Андрей с улыбкой смотрел в зал и видел тех, с кем жил, с кем рос, с кем учился. В заднем ряду, тесно прижавшись друг к другу плечами, мирно беседовали Мартемьян Евстигнеевич и Ионыч. Бубнил, конечно, один Мартемьян Евстигнеевич: "Эскадронный хоть бы хны, а у меня, веришь ли, аж чуб завял..." Недалеко от сцены на крайнем стуле сидела прямая строгая Ирина. Андрею казалось, что ее высоко уложенные волосы своими пепельными кончиками исходили в воздух, как дым, так они были пушисты и легки.
"А Грани нет. Может, и хорошо, что нет? Свободнее как-то... А где она?.. И о чем говорить?.."
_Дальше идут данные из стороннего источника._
(* Let $\ket{\varphi_0}=\xi_0\ket{00}+\xi_1\ket{01}+\xi_2\ket{10}+\xi_3\ket{11}$ be a 2-qubit state (unit vector in $\mathbb{C}^4$) and let $A=\begin{pmatrix}\xi_0&\xi_1\\\xi_2&\xi_3\end{pmatrix}$. (1) If $\det A=0$, let $(v_1,v_2)\neq(0,0)$ be a vector such that both columns of $A$ are multiples of $(v_1,v_2)$, let $K_1=U(\bar v_1,\bar v_2)$; then $(K_1\otimes I)\ket{\varphi_0}=\eta_0\ket{00}+\eta_1\ket{01}$ for some $\eta_0,\eta_1\in\mathbb{C}$, and with $K_2=U(\bar\eta_0,-\eta_1)^T$ we have $(K_1\otimes K_2)\ket{\varphi_0}=\ket{00}$. (2) If $\det A\neq 0$, let $W_1=R_1(A)^T$. Then $\det$ of the matrix associated to the state $cz\,(I\otimes W_1)\ket{\varphi_0}$ is zero, and if $K_1,K_2$ are the matrices constructed as in part (1) from the state $cz\,(I\otimes W_1)\ket{\varphi_0}$ in place of $\ket{\varphi_0}$, then $(K_1\otimes K_2)\,cz\,(I\otimes W_1)\ket{\varphi_0}=\ket{00}$.
   Context: For complex $(x,y)\neq(0,0)$, $U(x,y)=\frac{1}{\sqrt{|x|^2+|y|^2}}\begin{pmatrix}x&y\\-\bar y&\bar x\end{pmatrix}$. The matrix associated to a 2-qubit state $t_{00}\ket{00}+t_{01}\ket{01}+t_{10}\ket{10}+t_{11}\ket{11}$ is $\begin{pmatrix}t_{00}&t_{01}\\t_{10}&t_{11}\end{pmatrix}$. $cz=\mathrm{diag}(1,1,1,-1)$ in the basis $\ket{00},\ket{01},\ket{10},\ket{11}$, and $I$ is the $2\times2$ identity. For a nonsingular $A=\begin{pmatrix}a&b\\c&d\end{pmatrix}$, $R_1(A)=U(x,y)$ with $x=d-bk$, $y=\bar c-\bar a\bar k$, where, setting $\beta=a\bar c+b\bar d$, $k=\sqrt{(|c|^2+|d|^2)/(|a|^2+|b|^2)}$ if $\beta=0$ and $k=-\sqrt{(|c|^2+|d|^2)/(|\beta|^2(|a|^2+|b|^2))}\,\bar\beta$ if $\beta\neq0$. $M^T$ denotes the transpose of $M$. *)

theory Defs
  imports "HOL-Analysis.Analysis"
begin

text \<open>Two-qubit states are vectors indexed by 2 \<times> 2, the index (i,j) standing for |ij>.\<close>

definition mat2 :: "complex \<Rightarrow> complex \<Rightarrow> complex \<Rightarrow> complex \<Rightarrow> complex^2^2" where
  "mat2 a b c d = (\<chi> i j. if i = 0 then (if j = 0 then a else b) else (if j = 0 then c else d))"

definition U :: "complex \<Rightarrow> complex \<Rightarrow> complex^2^2" where
  "U x y = (let s = complex_of_real (1 / sqrt ((cmod x)\<^sup>2 + (cmod y)\<^sup>2))
            in mat2 (s * x) (s * y) (s * (- cnj y)) (s * cnj x))"

definition kron :: "complex^2^2 \<Rightarrow> complex^2^2 \<Rightarrow> complex^(2\<times>2)^(2\<times>2)" where
  "kron A B = (\<chi> p q. A $ fst p $ fst q * B $ snd p $ snd q)"

definition ket :: "2 \<Rightarrow> 2 \<Rightarrow> complex^(2\<times>2)" where
  "ket i j = axis (i, j) 1"

definition assoc_mat :: "complex^(2\<times>2) \<Rightarrow> complex^2^2" where
  "assoc_mat t = (\<chi> i j. t $ (i, j))"

definition cz :: "complex^(2\<times>2)^(2\<times>2)" where
  "cz = (\<chi> p q. if p = q then (if p = (1, 1) then -1 else 1) else 0)"

definition R1 :: "complex^2^2 \<Rightarrow> complex^2^2" where
  "R1 A = (let a = A $ 0 $ 0; b = A $ 0 $ 1; c = A $ 1 $ 0; d = A $ 1 $ 1;
              \<beta> = a * cnj c + b * cnj d;
              k = (if \<beta> = 0
                   then complex_of_real (sqrt (((cmod c)\<^sup>2 + (cmod d)\<^sup>2) / ((cmod a)\<^sup>2 + (cmod b)\<^sup>2)))
                   else - complex_of_real (sqrt (((cmod c)\<^sup>2 + (cmod d)\<^sup>2)
                              / ((cmod \<beta>)\<^sup>2 * ((cmod a)\<^sup>2 + (cmod b)\<^sup>2)))) * cnj \<beta>);
              x = d - b * k;
              y = cnj c - cnj a * cnj k
          in U x y)"

definition cols_multiple_of :: "complex^2^2 \<Rightarrow> complex \<Rightarrow> complex \<Rightarrow> bool" where
  "cols_multiple_of A v1 v2 = (\<forall>j. \<exists>c. A $ 0 $ j = c * v1 \<and> A $ 1 $ j = c * v2)"

definition part1_conclusion :: "complex^(2\<times>2) \<Rightarrow> bool" where
  "part1_conclusion \<phi> =
     (\<forall>v1 v2. (v1, v2) \<noteq> (0, 0) \<and> cols_multiple_of (assoc_mat \<phi>) v1 v2 \<longrightarrow>
        (let K1 = U (cnj v1) (cnj v2) in
          \<exists>\<eta>0 \<eta>1. kron K1 (mat 1) *v \<phi> = \<eta>0 *s ket 0 0 + \<eta>1 *s ket 0 1 \<and>
                   kron K1 (transpose (U (cnj \<eta>0) (- \<eta>1))) *v \<phi> = ket 0 0))"

end

(*
  Writing a two-qubit state as its 2x2 coefficient matrix M, the gate A \<otimes> B acts as
  M \<mapsto> A M B^T, and U(x, y) is a unit scalar multiple of the quaternion matrix
  [[x, y], [-conj y, conj x]], hence unitary.

  (1) If both columns of M are multiples of v, then M = v c^T and U(conj v) maps v to (|v|, 0),
  so K1 M has the single nonzero row |v| c^T =: (eta0, eta1), a unit vector; multiplying this
  row by U(conj eta0, -eta1) gives (1, 0).

  (2) For M = [[a, b], [c, d]] the matrix of (I \<otimes> W1) phi is M R1(M), and cz negates its
  lower right entry. The determinant of the result is a multiple of
  det M * (|c|^2 + |d|^2 - (|a|^2 + |b|^2) |k|^2 + 2 i Im (beta k)), and R1 chooses k so that
  beta k is real and (|a|^2 + |b|^2) |k|^2 = |c|^2 + |d|^2. All gates are unitary, so the
  resulting state is again a unit vector and (1) applies to it.
*)

theory Submission
  imports Defs
begin

(* In the numeral type 2 the numeral 2 equals 0, so the library's UNIV_2 = {1, 2} is {0, 1}. *)
lemma UNIV_2_eq: "(UNIV :: 2 set) = {0, 1}"
proof -
  have "(2::2) = 0" by simp
  then show ?thesis using UNIV_2 by (simp only:) (simp add: insert_commute)
qed

lemma sum_UNIV_2: "(\<Sum>i\<in>UNIV. f i) = f (0::2) + f 1"
  by (simp add: UNIV_2_eq)

lemma sum_UNIV_2x2:
  "(\<Sum>p\<in>UNIV. f p) = f ((0::2), (0::2)) + f (0, 1) + f (1, 0) + f (1, 1)"
proof -
  have "(\<Sum>p\<in>UNIV. f p) = (\<Sum>i\<in>UNIV. \<Sum>j\<in>UNIV. f ((i::2), (j::2)))"
    by (simp add: UNIV_Times_UNIV [symmetric] sum.cartesian_product del: UNIV_Times_UNIV)
  then show ?thesis by (simp add: sum_UNIV_2 add.assoc)
qed

lemma forall_2_eq: "(\<forall>i::2. P i) \<longleftrightarrow> P 0 \<and> P 1"
  by (metis UNIV_2_eq UNIV_I insertE singletonD)

lemma mat2_nth [simp]:
  "mat2 a b c d $ 0 $ 0 = a" "mat2 a b c d $ 0 $ 1 = b"
  "mat2 a b c d $ 1 $ 0 = c" "mat2 a b c d $ 1 $ 1 = d"
  by (simp_all add: mat2_def)

lemma mat2_eq_iff: "mat2 a b c d = mat2 a' b' c' d' \<longleftrightarrow> a = a' \<and> b = b' \<and> c = c' \<and> d = d'"
  by (auto simp: vec_eq_iff forall_2_eq)

lemma mat2_mult:
  "mat2 a b c d ** mat2 a' b' c' d' = mat2 (a*a' + b*c') (a*b' + b*d') (c*a' + d*c') (c*b' + d*d')"
  by (simp add: vec_eq_iff forall_2_eq matrix_matrix_mult_def sum_UNIV_2)

lemma det_mat2: "det (mat2 a b c d) = a*d - b*c"
proof -
  have "(2::2) = 0" by simp
  then have "det (mat2 a b c d) = mat2 a b c d $ 1 $ 1 * mat2 a b c d $ 0 $ 0
      - mat2 a b c d $ 1 $ 0 * mat2 a b c d $ 0 $ 1"
    using det_2 [of "mat2 a b c d"] by (simp only:)
  then show ?thesis by (simp add: mult.commute)
qed

lemma assoc_mat_eq_mat2:
  "assoc_mat \<phi> = mat2 (\<phi>$(0,0)) (\<phi>$(0,1)) (\<phi>$(1,0)) (\<phi>$(1,1))"
  by (simp add: vec_eq_iff forall_2_eq assoc_mat_def)

lemma assoc_mat_inject: "assoc_mat \<phi> = assoc_mat \<psi> \<longleftrightarrow> \<phi> = \<psi>"
  by (auto simp: assoc_mat_def vec_eq_iff)
(* Let $\tilde{I} \approx Q_1$ via $\mathbf{S}_1$ and $\tilde{I} \approx Q_2$ via $\mathbf{S}_2$. If $Q_3 = Q_1 \circ Q_2$ via $\mathbf{B}$, then $\tilde{I} \approx Q_3$ via $\mathbf{S}_3$, where $\mathbf{S}_3$ satisfies the matrix equation \[ \mathbf{S}_3 \mathbf{B} = \mathbf{B}_0 ( \mathbf{S}_1 \otimes \mathbf{S}_2 ), \] where \[ \mathbf{B}_0 = \left[ \begin{array}{cccc} 1 & 0 & 0 & D- \lambda^2 \\ 0 & 1 & 1 & 2 \lambda \end{array} \right] \] and $\lambda = [ \sqrt D ]$.
   Context: All forms are properly primitive indefinite integral binary quadratic forms of determinant $D = b^2 - ac > 0$ (not a square), where a form $Q=[a,2b,c]$ is $Q(x_1,x_2) = ax_1^2+2bx_1x_2+cx_2^2 = \mathbf{x}^t \mathbf{Q}\mathbf{x}$ with symmetric matrix $\mathbf{Q} = \left[\begin{array}{cc} a & b\\ b & c\end{array}\right]$. Two forms satisfy $Q_1 \approx Q_2$ via an integer $2\times 2$ matrix $\mathbf{S}$ with $\det \mathbf{S}=1$ if $\mathbf{S}^t \mathbf{Q}_1 \mathbf{S} = \mathbf{Q}_2$. The identity form is $I=[1,0,-D]$, and the reduced identity form $\tilde{I} = [1, 2\lambda, \mu]$ is defined by $I \approx \tilde{I}$ via $\left[\begin{array}{cc} 1 & \lambda \\ 0 & 1\end{array}\right]$ with $\lambda = [\sqrt D]$. A form $Q_3$ is composed of $Q_1$ and $Q_2$ via a $2\times 4$ bilinear matrix $\mathbf{B}$, written $Q_3 = Q_1 \circ Q_2$, if $\mathbf{x}^t \mathbf{Q}_1 \mathbf{x}\, \mathbf{y}^t \mathbf{Q}_2 \mathbf{y} = \mathbf{z}^t \mathbf{B}^t \mathbf{Q}_3 \mathbf{B} \mathbf{z}$ identically, where $\mathbf{x}^t=[x_1,x_2]$, $\mathbf{y}^t=[y_1,y_2]$, $\mathbf{z}^t = [x_1y_1, x_1y_2, x_2y_1, x_2y_2]$, and $\mathbf{B}=[b_{ij}]$ is unimodular (its six $2\times 2$ minors $\Delta_{ij}$ formed from columns $i<j$ have gcd 1) and oriented ($a_1\Delta_{12}>0$, $a_2\Delta_{13}>0$ where $a_1,a_2$ are the first coefficients of $Q_1,Q_2$). $\mathbf{S}_1 \otimes \mathbf{S}_2$ denotes the Kronecker product. *)

theory Defs
  imports Complex_Main "Jordan_Normal_Form.Determinant"
begin

text \<open>A binary quadratic form Q = [a,2b,c] is represented by its symmetric
  integer matrix [[a,b],[b,c]]; its determinant (in the paper's sense) is
  D = b^2 - ac = - det of the matrix.\<close>

definition form_mat :: "int \<Rightarrow> int \<Rightarrow> int \<Rightarrow> int mat" where
  "form_mat a b c = mat_of_rows_list 2 [[a, b], [b, c]]"
(* Let $f : \widehat{\mathbb{Z}} \to \widehat{\mathbb{Z}}$ be congruence preserving and $s \in \widehat{\mathbb{Z}}$. Then the map $f{\Uparrow}_s : \widehat{\mathbb{Z}} \to \widehat{\mathbb{Z}}$ is profinite preperiodic. Moreover, if $f$ is tower-stable, then for every $t \in \widehat{\mathbb{Z}}$ the map $(f{\Uparrow}_s){\Uparrow}_t : \widehat{\mathbb{Z}} \to \widehat{\mathbb{Z}}$ is constant, and this constant is independent of $t$.
   Context: $\mathbb{N}=\{1,2,\dots\}$, $\widehat{\mathbb{Z}} = \varprojlim_n \mathbb{Z}/n\mathbb{Z}$; $s\equiv_n t$ means $s-t\in n\widehat{\mathbb{Z}}$; $\widehat{\cdot}:\mathbb{N}\to\widehat{\mathbb{Z}}$ is the natural embedding. A continuous $f$ is congruence preserving if $s\equiv_n t$ implies $f(s)\equiv_n f(t)$ for all $s,t$, $n$; it then induces reductions $f_n:\mathbb{Z}/n\mathbb{Z}\to\mathbb{Z}/n\mathbb{Z}$; $\lambda_f(n)$ is the period of $f_n$ (lcm of the cycle lengths of all points, the cycle length of $x$ being the least $l\ge1$ with $f_n^k(x)=f_n^{k+l}(x)$ for some $k\ge0$). $f$ is tower-stable if for every prime $p$ the largest prime-power divisor of $\lambda_f(p)$ is $< p$ (equivalently, $f_p$ is not a cyclic permutation of length $p$). A continuous map $g:\widehat{\mathbb{Z}}\to\widehat{\mathbb{Z}}$ is profinite preperiodic if for every $x\in\widehat{\mathbb{Z}}$, every $u\in\widehat{\mathbb{Z}}$ and every sequence of positive integers $n_i\to+\infty$ in $\mathbb{R}$ with $\widehat{n_i}\to u$ in $\widehat{\mathbb{Z}}$, the limit $\lim_i g^{n_i}(x)$ exists and depends only on $u$; in that case $g{\Uparrow}_x:\widehat{\mathbb{Z}}\to\widehat{\mathbb{Z}}$ denotes the (continuous) map $u \mapsto \lim_i g^{n_i}(x)$. Congruence preserving maps are profinite preperiodic, so $f{\Uparrow}_s$ is defined. *)

theory Defs
  imports "HOL-Computational_Algebra.Primes"
begin

text \<open>An element of the profinite completion is a compatible family of residues:
  component n (n \<ge> 1) lies in {0..<n}, and for n dvd m the component at m reduces
  to the component at n. Component 0 is fixed to 0 (unused).\<close>

definition zhat_rep :: "(nat \<Rightarrow> nat) set" where
  "zhat_rep = {x. x 0 = 0 \<and> (\<forall>n>0. x n < n) \<and>
                 (\<forall>n m. 0 < m \<longrightarrow> n dvd m \<longrightarrow> x m mod n = x n)}"

typedef zhat = zhat_rep
  by (rule exI[of _ "\<lambda>_. 0"]) (simp add: zhat_rep_def)

definition zproj :: "zhat \<Rightarrow> nat \<Rightarrow> nat" where
  "zproj x n = Rep_zhat x n"

definition zcong :: "nat \<Rightarrow> zhat \<Rightarrow> zhat \<Rightarrow> bool" where
  "zcong n s t \<longleftrightarrow> zproj s n = zproj t n"

definition zhat_of_nat :: "nat \<Rightarrow> zhat" where
  "zhat_of_nat k = Abs_zhat (\<lambda>n. if n = 0 then 0 else k mod n)"

definition ztendsto :: "(nat \<Rightarrow> zhat) \<Rightarrow> zhat \<Rightarrow> bool" where
  "ztendsto X u \<longleftrightarrow> (\<forall>n>0. eventually (\<lambda>i. zcong n (X i) u) sequentially)"

text \<open>Continuity in the profinite topology (basic neighbourhoods x + m Zhat).\<close>
definition zcontinuous :: "(zhat \<Rightarrow> zhat) \<Rightarrow> bool" where
  "zcontinuous g \<longleftrightarrow>
     (\<forall>x. \<forall>n>0. \<exists>m>0. \<forall>y. zcong m y x \<longrightarrow> zcong n (g y) (g x))"

definition congruence_preserving :: "(zhat \<Rightarrow> zhat) \<Rightarrow> bool" where
  "congruence_preserving f \<longleftrightarrow> zcontinuous f \<and>
     (\<forall>n>0. \<forall>s t. zcong n s t \<longrightarrow> zcong n (f s) (f t))"

definition adm_seq :: "(nat \<Rightarrow> nat) \<Rightarrow> zhat \<Rightarrow> bool" where
  "adm_seq ns u \<longleftrightarrow> (\<forall>i. 0 < ns i) \<and> filterlim ns at_top sequentially \<and>
                     ztendsto (\<lambda>i. zhat_of_nat (ns i)) u"

definition profinite_preperiodic :: "(zhat \<Rightarrow> zhat) \<Rightarrow> bool" where
  "profinite_preperiodic g \<longleftrightarrow> zcontinuous g \<and>
     (\<forall>x u. \<exists>L. \<forall>ns. adm_seq ns u \<longrightarrow> ztendsto (\<lambda>i. (g ^^ ns i) x) L)"

text \<open>g\<Up>_x (u) = lim g^{n_i}(x) for admissible n_i.\<close>
definition zup :: "(zhat \<Rightarrow> zhat) \<Rightarrow> zhat \<Rightarrow> zhat \<Rightarrow> zhat" where
  "zup g x u = (SOME L. \<forall>ns. adm_seq ns u \<longrightarrow> ztendsto (\<lambda>i. (g ^^ ns i) x) L)"

definition red :: "(zhat \<Rightarrow> zhat) \<Rightarrow> nat \<Rightarrow> nat \<Rightarrow> nat" where
  "red f n a = zproj (f (zhat_of_nat a)) n"

definition cycle_length :: "(nat \<Rightarrow> nat) \<Rightarrow> nat \<Rightarrow> nat" where
  "cycle_length h x = (LEAST l. 1 \<le> l \<and> (\<exists>k. (h ^^ k) x = (h ^^ (k + l)) x))"

definition period :: "(zhat \<Rightarrow> zhat) \<Rightarrow> nat \<Rightarrow> nat" where
  "period f n = Lcm ((cycle_length (red f n)) ` {..<n})"

definition tower_stable :: "(zhat \<Rightarrow> zhat) \<Rightarrow> bool" where
  "tower_stable f \<longleftrightarrow> (\<forall>p::nat. prime p \<longrightarrow>
     (\<forall>q k. prime (q::nat) \<and> q ^ k dvd period f p \<longrightarrow> q ^ k < p))"

end

theory Submission
  imports Defs
begin

text \<open>For \<open>m > 0\<close> the residues of the orbit \<open>f\<^sup>n(s)\<close> modulo \<open>m\<close> are eventually periodic,
  with period \<open>c(m) \<le> m\<close> (pigeonhole). Hence \<open>g = f\<Up>\<^sub>s\<close> satisfies
  \<open>g(u) \<equiv> f\<^sup>n(s) (mod m)\<close> for every large \<open>n \<equiv> u (mod c(m))\<close>, so \<open>g\<close> induces a map
  \<open>\<int>/c(m) \<rightarrow> \<int>/m\<close>. Iterating \<open>m \<mapsto> c(m)\<close> reaches some \<open>M\<close> with \<open>c(M) = M\<close>: then \<open>g\<close>
  induces a self-map of \<open>\<int>/M\<close>, and an iterate \<open>g\<^sup>r\<close> induces \<open>\<int>/M \<rightarrow> \<int>/m\<close>. So the
  \<open>g\<close>-orbits are eventually periodic modulo every \<open>m\<close>, which is what makes the limits
  defining \<open>g\<Up>\<^sub>t\<close> exist.

  Lifting along \<open>\<int>/dq \<rightarrow> \<int>/d\<close> multiplies cycle lengths by at most \<open>q\<close>, and for a prime \<open>p\<close>,
  \<open>c(p)\<close> divides \<open>\<lambda>\<^sub>f(p)\<close>, so tower stability forces \<open>c(p) < p\<close>. Hence \<open>c(m) < m\<close>
  for all \<open>m > 1\<close>, the iteration ends at \<open>M = 1\<close>, and \<open>g\<^sup>r\<close> is constant modulo \<open>m\<close>;
  so is every limit \<open>g\<Up>\<^sub>t(u)\<close> of the iterates \<open>g\<^sup>n(t)\<close>.\<close>

lemma zproj_less: "0 < n \<Longrightarrow> zproj x n < n"
  using Rep_zhat[of x] by (simp add: zproj_def zhat_rep_def)

lemma zproj_mod: "0 < m \<Longrightarrow> d dvd m \<Longrightarrow> zproj x m mod d = zproj x d"
  using Rep_zhat[of x] by (simp add: zproj_def zhat_rep_def)

lemma zhat_eqI:
  assumes "\<And>n. 0 < n \<Longrightarrow> zproj x n = zproj y n"
  shows "x = y"
proof -
  have "Rep_zhat x 0 = Rep_zhat y 0"
    using Rep_zhat[of x] Rep_zhat[of y] by (simp add: zhat_rep_def)
  with assms have "Rep_zhat x n = Rep_zhat y n" for n
    by (cases "n = 0") (simp_all add: zproj_def)
  then have "Rep_zhat x = Rep_zhat y" ..
  then show ?thesis
    by (simp add: Rep_zhat_inject)
qed

lemma zproj_zhat_of_nat: "0 < n \<Longrightarrow> zproj (zhat_of_nat k) n = k mod n"
proof -
  have "(\<lambda>n. if n = 0 then 0 else k mod n) \<in> zhat_rep"
    by (auto simp: zhat_rep_def mod_mod_cancel)
  then show "0 < n \<Longrightarrow> ?thesis"
    by (simp add: zhat_of_nat_def zproj_def Abs_zhat_inverse)
qed

lemma zcong_one: "zcong 1 x y"
  using zproj_less[of 1] by (simp add: zcong_def)

section \<open>Eventually periodic sequences and cycle lengths\<close>

lemma pigeonhole_atMost:
  fixes c :: "nat \<Rightarrow> nat"
  assumes "\<forall>i\<le>q. c i < q"
  shows "\<exists>i j. i < j \<and> j \<le> q \<and> c i = c j"
proof -
  have "card (c ` {..q}) \<le> card {..<q}"
    using assms by (intro card_mono) auto
  then have "\<not> inj_on c {..q}"
    by (intro pigeonhole) simp
  then obtain i j where "i \<le> q" "j \<le> q" "i \<noteq> j" "c i = c j"
    by (auto simp: inj_on_def)
  then show ?thesis
    by (metis linorder_neqE_nat)
qed

lemma periodic_add_mult:
  fixes N P n t :: nat
  assumes "\<forall>n\<ge>N. a (n + P) = a n" "N \<le> n"
  shows "a (n + t * P) = a n"
proof (induction t)
  case (Suc t)
  have "a (n + Suc t * P) = a ((n + t * P) + P)"
    by (simp add: algebra_simps)
  with assms Suc show ?case
    by simp
qed simp

lemma periodic_mod_eq:
  fixes N P n n' :: nat
  assumes per: "\<forall>n\<ge>N. a (n + P) = a n"
    and "N \<le> n" "N \<le> n'" "n mod P = n' mod P"
  shows "a n = a n'"
proof -
  have ordered: "a y = a x" if "N \<le> x" "x \<le> y" "y mod P = x mod P" for x y
  proof -
    have "P dvd y - x"
      using that by (simp add: mod_eq_dvd_iff_nat)
    then obtain t where "y - x = P * t" ..
    then have "y = x + t * P"
      using that by (simp add: algebra_simps)
    then show ?thesis
      using periodic_add_mult[OF per \<open>N \<le> x\<close>] by simp
  qed
  show ?thesis
  proof (cases "n \<le> n'")
    case True
    with assms ordered[of n n'] show ?thesis by simp
  next
    case False
    with assms ordered[of n' n] show ?thesis by simp
  qed
qed

lemma funpow_periodic:
  fixes h :: "'a \<Rightarrow> 'a"
  assumes "(h ^^ k) x = (h ^^ (k + l)) x"
  shows "\<forall>n\<ge>k. (h ^^ (n + l)) x = (h ^^ n) x"
proof (intro allI impI)
  fix n assume "k \<le> n"
  then obtain d where n: "n = d + k"
    by (metis le_add_diff_inverse2)
  have "(h ^^ (n + l)) x = (h ^^ d) ((h ^^ (k + l)) x)"
    by (simp add: n funpow_add add.assoc)
  also have "\<dots> = (h ^^ d) ((h ^^ k) x)"
    by (simp only: assms)
  also have "\<dots> = (h ^^ n) x"
    by (simp add: n funpow_add)
  finally show "(h ^^ (n + l)) x = (h ^^ n) x" .
qed

lemma funpow_collision:
  fixes h :: "nat \<Rightarrow> nat"
  assumes "h ` {..<m} \<subseteq> {..<m}" "x < m"
  shows "\<exists>k l. 1 \<le> l \<and> l \<le> m \<and> (h ^^ k) x = (h ^^ (k + l)) x"
proof -
  have "(h ^^ i) x < m" for i
    using assms by (induction i) auto
  then obtain i j where "i < j" "j \<le> m" "(h ^^ i) x = (h ^^ j) x"
    using pigeonhole_atMost[of m "\<lambda>i. (h ^^ i) x"] by blast
  then show ?thesis
    by (intro exI[of _ i] exI[of _ "j - i"]) auto
qed

lemma
  assumes "1 \<le> l" "(h ^^ k) x = (h ^^ (k + l)) x"
  shows cycle_length_pos: "0 < cycle_length h x"
    and cycle_length_le: "cycle_length h x \<le> l"
    and cycle_length_cycle: "\<exists>k. (h ^^ k) x = (h ^^ (k + cycle_length h x)) x"
proof -
  have "1 \<le> cycle_length h x \<and> (\<exists>k. (h ^^ k) x = (h ^^ (k + cycle_length h x)) x)"
    unfolding cycle_length_def by (rule LeastI[of _ l]) (use assms in blast)
  then show "0 < cycle_length h x" "\<exists>k. (h ^^ k) x = (h ^^ (k + cycle_length h x)) x"
    by auto
  show "cycle_length h x \<le> l"
    unfolding cycle_length_def by (rule Least_le) (use assms in blast)
qed

lemma cycle_length_fibre_le:
  fixes H h :: "nat \<Rightarrow> nat"
  assumes "0 < d" "0 < q" and H: "H ` {..<d * q} \<subseteq> {..<d * q}"
    and proj: "\<forall>a<d * q. H a mod d = h (a mod d)" and x: "x < d * q"
  shows "cycle_length H x \<le> cycle_length h (x mod d) * q"
proof -
  let ?c = "cycle_length h (x mod d)"
  have "h ` {..<d} \<subseteq> {..<d}"
  proof (rule image_subsetI)
    fix b assume "b \<in> {..<d}"
    moreover have "b < d * q"
      using \<open>b \<in> {..<d}\<close> \<open>0 < q\<close> by (simp add: less_le_trans)
    ultimately show "h b \<in> {..<d}"
      using proj \<open>0 < d\<close> by (metis lessThan_iff mod_less mod_less_divisor)
  qed
  then obtain k l where "1 \<le> l" "(h ^^ k) (x mod d) = (h ^^ (k + l)) (x mod d)"
    using funpow_collision[of h d "x mod d"] \<open>0 < d\<close> by auto
  then obtain k where c: "0 < ?c" "\<forall>n\<ge>k. (h ^^ (n + ?c)) (x mod d) = (h ^^ n) (x mod d)"
    using cycle_length_pos cycle_length_cycle funpow_periodic by metis
  have orbit: "(H ^^ n) x < d * q \<and> (H ^^ n) x mod d = (h ^^ n) (x mod d)" for n
    using H proj x by (induction n) auto
  define b where "b i = (H ^^ (k + i * ?c)) x" for i
  have b_mod: "b i mod d = (h ^^ k) (x mod d)" for i
    using orbit periodic_add_mult[OF c(2), of k i] by (simp add: b_def)
  have "\<forall>i\<le>q. b i div d < q"
    using orbit by (simp add: b_def less_mult_imp_div_less mult.commute)
  then obtain i j where ij: "i < j" "j \<le> q" "b i div d = b j div d"
    using pigeonhole_atMost[of q "\<lambda>i. b i div d"] by blast
  have "b i = b i div d * d + b i mod d"
    by (rule div_mult_mod_eq[symmetric])
  also have "\<dots> = b j div d * d + b j mod d"
    by (simp only: ij(3) b_mod)
  also have "\<dots> = b j"
    by (rule div_mult_mod_eq)
  finally have "b i = b j" .
  moreover have "k + j * ?c = (k + i * ?c) + (j - i) * ?c"
    using ij(1) by (simp flip: add_mult_distrib)
  ultimately have "(H ^^ (k + i * ?c)) x = (H ^^ ((k + i * ?c) + (j - i) * ?c)) x"
    by (simp add: b_def)
  moreover have "1 \<le> (j - i) * ?c"
    using ij(1) c(1) by simp
  ultimately have "cycle_length H x \<le> (j - i) * ?c"
    by (rule cycle_length_le[rotated])
  also have "\<dots> \<le> ?c * q"
    using ij by (auto simp: mult.commute)
  finally show ?thesis .
qed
- Андрей, аплодисментов ждешь?!
Веселый возглас поставил все на место. Андрей откинул со лба прядь волос.
- Товарищ лектор, - Андрей скосил глаза на белобрысого парня с папкой на коленях, - звал нас в Сибирь, в космос. Спасибо за совет! А Коля Запрометов... Коля звал весну любить. Тоже спасибо... А я вот, хлопцы, посмотрел - много вас здесь... Человек пять-шесть - идемте на фермы. К нам, на Койбогар! А?
- Что там делать?! - сердито отозвался Коля.
Разгорелось, затрещало, будто сухой валежник на жарком огне!; Коля весь подался к Андрею, разгоряченный, злой.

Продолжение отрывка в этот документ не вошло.